In its latest earnings conference call, AT&T said it was ahead of schedule on plans to expand its latest generation 4G LTE wireless network, which now covers about 250 million people nationwide.
And, AT&T said, it is expanding the reach and improving the speed of its U-verse television and Internet service. U-verse, the fastest-growing segment of AT&T's business, had its first billion-dollar-revenue month during the third quarter.
"The future for us, whether its fixed line or wireless, is about building a video delivery capability," AT&T CEO Randall Stephenson said at a recent investor conference. "And that's where the capital is going to be going over the next three years."
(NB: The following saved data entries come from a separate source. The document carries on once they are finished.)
lemma sum_indicator_block_eq_eta:
  assumes "Suc a < n" "Suc b < n"
  shows "(\<Sum>i<n. \<Sum>l<n. (of_bool (i = a) + of_bool (i = Suc a))
      * (of_bool (l = b) + of_bool (l = Suc b)) * Y i l) = eta Y a b"
  using assms by (simp add: mult.assoc sum_step_add eta_def flip: sum_distrib_left)

lemma xi_step_left: "xi i a - xi i (Suc a) = of_bool (i = a) + of_bool (i = Suc a)"
  by (auto simp: xi_def)

lemma xi_step_right: "xi a l - xi (Suc a) l = - (of_bool (l = a) + of_bool (l = Suc a))"
  by (auto simp: xi_def)

lemma mixed_diff_sum:
  "mixed_diff (\<lambda>j k. \<Sum>i\<in>A. \<Sum>l\<in>B. f i j * g k l * Y i l) a b
    = (\<Sum>i\<in>A. \<Sum>l\<in>B. (f i a - f i (Suc a)) * (g b l - g (Suc b) l) * Y i l)"
  by (simp add: mixed_diff_def left_diff_distrib right_diff_distrib sum_subtractf)

lemma kendall_form_swap_matrix_left:
  assumes "Suc a < n" "Suc b < n"
  shows "kendall_form n (swap_matrix a b) Y = - eta Y a b"
proof -
  have "kendall_form n (swap_matrix a b) Y
      = (\<Sum>j<n. \<Sum>k<n. swap_matrix a b j k * (\<Sum>i<n. \<Sum>l<n. xi i j * xi k l * Y i l))"
    unfolding kendall_form_def sum_distrib_left
    by (subst sum.swap, rule sum.cong, simp, subst sum.swap) (simp add: algebra_simps)
  also have "\<dots> = (\<Sum>i<n. \<Sum>l<n. (xi i a - xi i (Suc a)) * (xi b l - xi (Suc b) l) * Y i l)"
    using assms by (simp add: sum_swap_matrix mixed_diff_sum)
  also have "\<dots> = - (\<Sum>i<n. \<Sum>l<n. (of_bool (i = a) + of_bool (i = Suc a))
      * (of_bool (l = b) + of_bool (l = Suc b)) * Y i l)"
    by (simp add: xi_step_left xi_step_right algebra_simps flip: sum_negf)
  finally show ?thesis
    using sum_indicator_block_eq_eta[OF assms] by simp
qed

lemma kendall_form_swap_matrix_right:
  assumes "Suc a < n" "Suc b < n"
  shows "kendall_form n Y (swap_matrix a b) = - eta Y a b"
proof -
  have "kendall_form n Y (swap_matrix a b)
      = (\<Sum>i<n. \<Sum>l<n. swap_matrix a b i l * (\<Sum>j<n. \<Sum>k<n. xi i j * xi k l * Y j k))"
    unfolding kendall_form_def sum_distrib_left
    by (rule sum.cong, simp, subst (2) sum.swap, subst sum.swap) (simp add: algebra_simps)
  also have "\<dots> = (\<Sum>j<n. \<Sum>k<n. (xi a j - xi (Suc a) j) * (xi k b - xi k (Suc b)) * Y j k)"
    using assms by (simp add: sum_swap_matrix mixed_diff_sum)
  also have "\<dots> = - (\<Sum>j<n. \<Sum>k<n. (of_bool (j = a) + of_bool (j = Suc a))
      * (of_bool (k = b) + of_bool (k = Suc b)) * Y j k)"
    by (simp add: xi_step_left xi_step_right algebra_simps flip: sum_negf)
  finally show ?thesis
    using sum_indicator_block_eq_eta[OF assms] by simp
qed

lemma entropy_I_eq: "entropy_I n X = (\<Sum>i<n. \<Sum>j<n. X i j * ln (X i j))"
  unfolding entropy_I_def by (intro sum.cong) auto

lemma DERIV_mult_ln_self:
  fixes q :: "real \<Rightarrow> real"
  assumes "DERIV q x :> q'" "0 < q x"
  shows "DERIV (\<lambda>t. q t * ln (q t)) x :> q' * (ln (q x) + 1)"
  using assms by (auto intro!: derivative_eq_intros simp: field_simps)

lemma eventually_entries_pos:
  fixes Q :: "real \<Rightarrow> nat \<Rightarrow> nat \<Rightarrow> real"
  assumes "\<And>i j. isCont (\<lambda>t. Q t i j) x" "\<forall>i<n. \<forall>j<n. 0 < Q x i j"
  shows "\<forall>\<^sub>F t in at x. \<forall>i<n. \<forall>j<n. 0 < Q t i j"
proof -
  have "\<forall>\<^sub>F t in at x. \<forall>i\<in>{..<n}. \<forall>j\<in>{..<n}. 0 < Q t i j"
    using order_tendstoD(1)[OF assms(1)[unfolded isCont_def]] assms(2)
    by (intro eventually_ball_finite ballI) auto
  then show ?thesis by (rule eventually_mono) auto
qed

lemma optimal_P_first_variation:
  assumes opt: "optimal_P n \<mu> P" and pos: "\<forall>i<n. \<forall>j<n. 0 < P i j"
    and Q0: "Q 0 = P" and dQ: "\<And>i j. DERIV (\<lambda>t. Q t i j) 0 :> Q' i j"
    and feasible: "\<forall>\<^sub>F t in at 0. feasible_P n \<mu> (Q t)"
  shows "(\<Sum>i<n. \<Sum>j<n. Q' i j * (ln (P i j) + 1)) = 0"
proof -
  let ?d = "\<Sum>i<n. \<Sum>j<n. Q' i j * (ln (P i j) + 1)"
  have "DERIV (\<lambda>t. entropy_I n (Q t)) 0 :> ?d"
    unfolding entropy_I_eq using DERIV_mult_ln_self[OF dQ] pos Q0 by (intro DERIV_sum) auto
  moreover have "\<forall>\<^sub>F t in at 0. entropy_I n (Q 0) \<le> entropy_I n (Q t)"
    using feasible by eventually_elim (use opt Q0 in \<open>simp add: optimal_P_def\<close>)
  ultimately have "(\<lambda>h. ?d * h) = (\<lambda>h. 0)"
    unfolding has_field_derivative_def by (rule has_derivative_local_min)
  then show ?thesis by (drule_tac x=1 in fun_cong) simp
qed

lemma optimal_P_stationary_pair:
  assumes opt: "optimal_P n \<mu> P" and pos: "\<forall>i<n. \<forall>j<n. 0 < P i j"
    and D: "zero_margins n D" "kendall_form n D D = 0"
    and E: "zero_margins n E" "kendall_form n E E = 0"
    and nondeg: "kendall_form n E P + kendall_form n P E \<noteq> 0"
  shows "(\<Sum>i<n. \<Sum>j<n. D i j * ln (P i j)) * (kendall_form n E P + kendall_form n P E)
       = (\<Sum>i<n. \<Sum>j<n. E i j * ln (P i j)) * (kendall_form n D P + kendall_form n P D)"
proof -
  define \<alpha> where "\<alpha> = kendall_form n D P + kendall_form n P D"
  define \<beta> where "\<beta> = kendall_form n E P + kendall_form n P E"
  define C where "C = kendall_form n D E + kendall_form n E D"
  \<comment> \<open>Since D and E are isotropic, tau is affine in s along t D + s E; s t solves for constant tau.\<close>
  define s where "s t = - t * \<alpha> / (\<beta> + t * C)" for t
  define Q where "Q t = (\<lambda>i j. P i j + (t * D i j + s t * E i j))" for t
  have "\<beta> \<noteq> 0" using nondeg by (simp add: \<beta>_def)
  have ds: "DERIV s 0 :> - \<alpha> / \<beta>"
    unfolding s_def using \<open>\<beta> \<noteq> 0\<close> by (auto intro!: derivative_eq_intros simp: power2_eq_square)
  have dQ: "DERIV (\<lambda>t. Q t i j) 0 :> D i j + - \<alpha> / \<beta> * E i j" for i j
    unfolding Q_def by (auto intro!: derivative_eq_intros ds)
  have Q0: "Q 0 = P" by (simp add: Q_def s_def fun_eq_iff)
  have "((\<lambda>t. \<beta> + t * C) \<longlongrightarrow> \<beta>) (at 0)"
    by (auto intro!: tendsto_eq_intros)
  then have "\<forall>\<^sub>F t in at 0. \<beta> + t * C \<noteq> 0"
    using \<open>\<beta> \<noteq> 0\<close> by (rule tendsto_imp_eventually_ne)
  moreover have "\<forall>\<^sub>F t in at 0. \<forall>i<n. \<forall>j<n. 0 < Q t i j"
    using DERIV_isCont[OF dQ] pos Q0 by (intro eventually_entries_pos) auto
  ultimately have "\<forall>\<^sub>F t in at 0. feasible_P n \<mu> (Q t)"
  proof eventually_elim
    case (elim t)
    have "checkerboard_copula n (Q t)"
      using opt elim(2) zero_margins_lincomb[OF D(1) E(1)] unfolding Q_def
      by (auto simp: optimal_P_def feasible_P_def less_imp_le intro!: checkerboard_copula_add)
    moreover have "s t * (\<beta> + t * C) = - t * \<alpha>"
      using elim(1) by (simp add: s_def)
    then have "kendall_tau n (Q t) = kendall_tau n P"
      using kendall_form_perturb[OF D(2) E(2), of P t "s t"]
      by (simp add: kendall_tau_eq_kendall_form Q_def \<alpha>_def \<beta>_def C_def algebra_simps)
    ultimately show ?case
      using opt by (simp add: feasible_P_def optimal_P_def)
  qed
  from optimal_P_first_variation[OF opt pos Q0 dQ this]
  have "(\<Sum>i<n. \<Sum>j<n. D i j * (ln (P i j) + 1)) + - \<alpha> / \<beta> * (\<Sum>i<n. \<Sum>j<n. E i j * (ln (P i j) + 1)) = 0"
    by (simp only: distrib_right sum.distrib sum_distrib_left mult.assoc)
  then have "(\<Sum>i<n. \<Sum>j<n. D i j * ln (P i j)) + - \<alpha> / \<beta> * (\<Sum>i<n. \<Sum>j<n. E i j * ln (P i j)) = 0"
    by (simp only: sum_mult_zero_margins[OF D(1)] sum_mult_zero_margins[OF E(1)])
  then show ?thesis
    using \<open>\<beta> \<noteq> 0\<close> by (simp add: \<alpha>_def \<beta>_def field_simps)
qed

lemma eta_pos:
  "\<forall>i<n. \<forall>j<n. 0 < P i j \<Longrightarrow> Suc a < n \<Longrightarrow> Suc b < n \<Longrightarrow> 0 < eta P a b"
  by (simp add: eta_def add_pos_pos)

lemma optimal_P_log_odds_proportional:
  assumes opt: "optimal_P n \<mu> P" and pos: "\<forall>i<n. \<forall>j<n. 0 < P i j"
    and ab: "Suc a < n" "Suc b < n" and cd: "Suc c < n" "Suc d < n"
  shows "mixed_diff (\<lambda>i j. ln (P i j)) a b * eta P c d = mixed_diff (\<lambda>i j. ln (P i j)) c d * eta P a b"
proof -
  have isotropic: "kendall_form n (swap_matrix a' b') (swap_matrix a' b') = 0"
    if "Suc a' < n" "Suc b' < n" for a' b'
    using that by (simp add: kendall_form_swap_matrix_left eta_def swap_matrix_def)
  have "0 < eta P c d" using eta_pos[OF pos cd] .
  then show ?thesis
    using optimal_P_stationary_pair[OF opt pos zero_margins_swap_matrix[OF ab] isotropic[OF ab]
        zero_margins_swap_matrix[OF cd] isotropic[OF cd]]
    by (simp add: sum_swap_matrix ab cd kendall_form_swap_matrix_left kendall_form_swap_matrix_right)
qed

lemma pseudo_log_odds_eq_mixed_diff:
  assumes "\<forall>i<n. \<forall>j<n. 0 < P i j" "Suc a < n" "Suc b < n"
  shows "pseudo_log_odds P a b = mixed_diff (\<lambda>i j. ln (P i j)) a b / eta P a b"
proof -
  have "0 < P a b" "0 < P (Suc a) b" "0 < P a (Suc b)" "0 < P (Suc a) (Suc b)"
    using assms by auto
  then show ?thesis by (simp add: pseudo_log_odds_def mixed_diff_def ln_div ln_mult)
qed

theorem theorem3:
  fixes n :: nat and \<mu> :: real and P :: "nat \<Rightarrow> nat \<Rightarrow> real"
  assumes "n \<ge> 2"
    and "0 \<le> \<mu>" and "\<mu> \<le> 1 - 1 / real n"
    and "optimal_P n \<mu> P"
    and "\<forall>i<n. \<forall>j<n. 0 < P i j"
  shows "\<exists>c. \<forall>i j. i + 1 < n \<and> j + 1 < n \<longrightarrow> pseudo_log_odds P i j = c"
proof (intro exI allI impI)
  \<comment> \<open>The bounds on \<mu> only make (P) feasible.\<close>
  fix i j assume "i + 1 < n \<and> j + 1 < n"
  then have ij: "Suc i < n" "Suc j < n" by simp_all
  have 0: "Suc 0 < n" using assms(1) by simp
  have "mixed_diff (\<lambda>i j. ln (P i j)) i j * eta P 0 0 = mixed_diff (\<lambda>i j. ln (P i j)) 0 0 * eta P i j"
    using optimal_P_log_odds_proportional[OF assms(4,5) ij 0 0] .
  then show "pseudo_log_odds P i j = pseudo_log_odds P 0 0"
    using eta_pos[OF assms(5) ij] eta_pos[OF assms(5) 0 0]
    by (simp add: pseudo_log_odds_eq_mixed_diff[OF assms(5)] ij 0 field_simps)
qed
The company said nearly three-quarters of its U-verse customers have what it calls an "enhanced" experience every month, meaning they use an interactive TV application, watch content on a different device or online, or use a U-verse enabled app.
In this great convergence, the distinction between content creator, provider and carrier is blurring.
When AT&T and the Cowboys announced their naming rights deal for AT&T Stadium in Arlington earlier this year, they also said they "will work together to deliver an interactive game day experience for fans like no other."
"This is about smartphones, pads, computers and technology," Stephen Jones, son of Cowboys owner Jerry Jones, told The Dallas Morning News at the time.
"This was not just about settling for a naming rights deal. ... This is a bigger deal."
The possibilities are enticing. Because of the two-way nature of the technology, fans could be able to choose different camera angles for live action and replays, witness the game from quarterback Tony Romo's perspective, and eavesdrop on Jerry as he watches his team.
Whatever the eventual offerings become, it means more traffic on AT&T's networks. More video means more mobile data use. Wireless data is one of the company's fastest-growing business segments, with revenue up nearly 18 percent in the third quarter to $5.5 billion. As a whole, the company generates more than $125 billion in annual revenue.
The same concept - more video views, more network use - is at work in AT&T's other content-related efforts. Some examples:
After considering thousands of pitches in a contest for aspiring filmmakers called "Take Your Shot," AT&T and ISAtv provided professional mentors from Wong Fu Productions to three young filmmakers who used AT&T smartphones to shoot videos. Viewers could watch the winning efforts online (takeyourshotfilms.com) and vote for their favorites.
Fans had a chance to win tickets to the recent Country Music Association awards by making videos of themselves dancing and playing air guitar to songs. Now, they can win a trip to the 2014 CMA Music Festival by submitting videos of themselves lip-syncing, playing air guitar or dancing to Florida Georgia Line's hit song, "Cruise" (letscruise.att.net).
Part of an effort to promote U-verse's Country Deep app, fan clips are mixed with Florida Georgia Line's original video. Each time the site is refreshed, a new version appears. Fans get a link to the video containing their personal footage, which they can share with friends.
This year at Bonnaroo in Manchester, Tenn., AT&T bolstered its 4G LTE network with the addition of several portable cell sites and other equipment, allowing tens of thousands of fans to share photos and other communications from the festival. Performance highlights and behind-the-scenes videos are available on the U-verse website (uverseonline.att.net).
Last year, AT&T worked with producer and screenwriter Tim Kring on a five-episode original online drama series called "Daybreak" that evolved from Kring's Fox series "Touch." Each short episode of "Daybreak," still available on YouTube, featured AT&T devices and services.
Like Amazon and Netflix, would AT&T ever create a full-length TV series?
"The options are limitless, and we're not saying no to anything right now," said GW Shaw, vice president of U-verse marketing.
"There is so much opportunity. The next seven years, your viewing experience is going to change dramatically."